Innumerables grupos entrenaban, marchaban o practicaban asaltos bajo el resplandor del sol del mediodía, y muchos otros se preparaban entre los muros de la fortaleza, algo impensable unos meses atrás.

Zahariel asintió.

—¿No decías que esto sería una maldición?

—Claro, ¿cómo, si no, definirías tú estos días?

—Extraordinarios —respondió Zahariel—, emocionantes, de euforia.

—Ya, eso no lo niego, primo —reconoció Nemiel—, pero ¿no te inquieta lo rápido que está sucediendo todo?

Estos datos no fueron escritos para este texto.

lemma theta_v_multiples:
  assumes "0 < t"
  shows "theta_v n (multiples_upto t k) = (\<Sum>r<t. (card (residue_class n t r) + k) div (k + 1))"
proof (rule antisym)
  obtain C where "is_clique_cover n (multiples_upto t k) C" "finite C"
    "card C \<le> (\<Sum>r<t. (card (residue_class n t r) + k) div (k + 1))"
    using residue_block_cover[OF assms] by blast
  then show "theta_v n (multiples_upto t k) \<le> (\<Sum>r<t. (card (residue_class n t r) + k) div (k + 1))"
    using theta_v_le by (blast intro: order_trans)
next
  obtain C where "is_clique_cover n (multiples_upto t k) C" "finite C"
    and theta: "card C = theta_v n (multiples_upto t k)"
    using theta_v_attained by blast
  then have "(\<Sum>r<t. (card (residue_class n t r) + k) div (k + 1)) \<le> card C"
    by (intro clique_cover_card_ge)
  then show "(\<Sum>r<t. (card (residue_class n t r) + k) div (k + 1)) \<le> theta_v n (multiples_upto t k)"
    unfolding theta .
qed

theorem theorem2p10:
  fixes n t k s :: nat
  assumes "n \<ge> 2" "t \<ge> 1" "k \<ge> 1" "n > (2*k - 1) * t"
    and "1 \<le> s" "s \<le> t" "s mod t = n mod t"
  shows "int (theta_v n ((\<lambda>i. i * t) ` {1..k})) =
     int s * \<lceil>real_of_int \<lceil>real n / real t\<rceil> / real (k + 1)\<rceil>
     + int (t - s) * \<lceil>real_of_int \<lfloor>real n / real t\<rfloor> / real (k + 1)\<rceil>"
proof -
  define q where "q = n div t"
  define p where "p = n mod t"
  define c where "c m = (m + k) div (k + 1)" for m
  have "0 < t" using \<open>t \<ge> 1\<close> by simp
  then have "p < t" unfolding p_def by simp
  have "theta_v n (multiples_upto t k) = (\<Sum>r<t. c (q + (if r < p then 1 else 0)))"
    unfolding theta_v_multiples[OF \<open>0 < t\<close>] c_def q_def p_def
    by (intro sum.cong) (simp_all add: card_residue_class)
  also have "\<dots> = p * c (q + 1) + (t - p) * c q"
    using \<open>p < t\<close> by (intro sum_lessThan_split_indicator) simp
  finally have theta: "theta_v n (multiples_upto t k) = p * c (q + 1) + (t - p) * c q" .
  have floor: "\<lfloor>real n / real t\<rfloor> = int q"
    unfolding q_def using floor_divide_of_nat_eq[of n t] by simp
  have ceiling: "\<lceil>real n / real t\<rceil> = int (q + (if p = 0 then 0 else 1))"
    unfolding ceiling_of_nat_divide[OF \<open>0 < t\<close>] div_add_pred_eq[OF \<open>0 < t\<close>] q_def p_def ..
  have ceiling_c: "\<lceil>real_of_int (int m) / real (k + 1)\<rceil> = int (c m)" for m
    using ceiling_of_nat_divide[of "k + 1" m] unfolding c_def by simp
  have "s = (if p = 0 then t else p)"
    using assms(5-7) \<open>p < t\<close> unfolding p_def
    by (cases "s = t") (auto simp: mod_less)
  then show ?thesis unfolding theta floor ceiling ceiling_c by auto
qed

end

—No —contestó Zahariel. Y, señalando la expansión de tierra despejada ante la fortaleza, dijo—: Mira todo lo que está pasando. Nos hemos reunido con Terra, es algo que hemos soñado desde… bueno, no sé exactamente cuánto tiempo, pero desde que se están contando historias sobre ella. ¿Por fin sucede lo que siempre hemos deseado y tú lo cuestionas?

—No lo cuestiono —se explicó Nemiel, con las manos en alto—. Sólo estoy… no sé… expresando cautela. Creo que es bastante sensato, ¿no?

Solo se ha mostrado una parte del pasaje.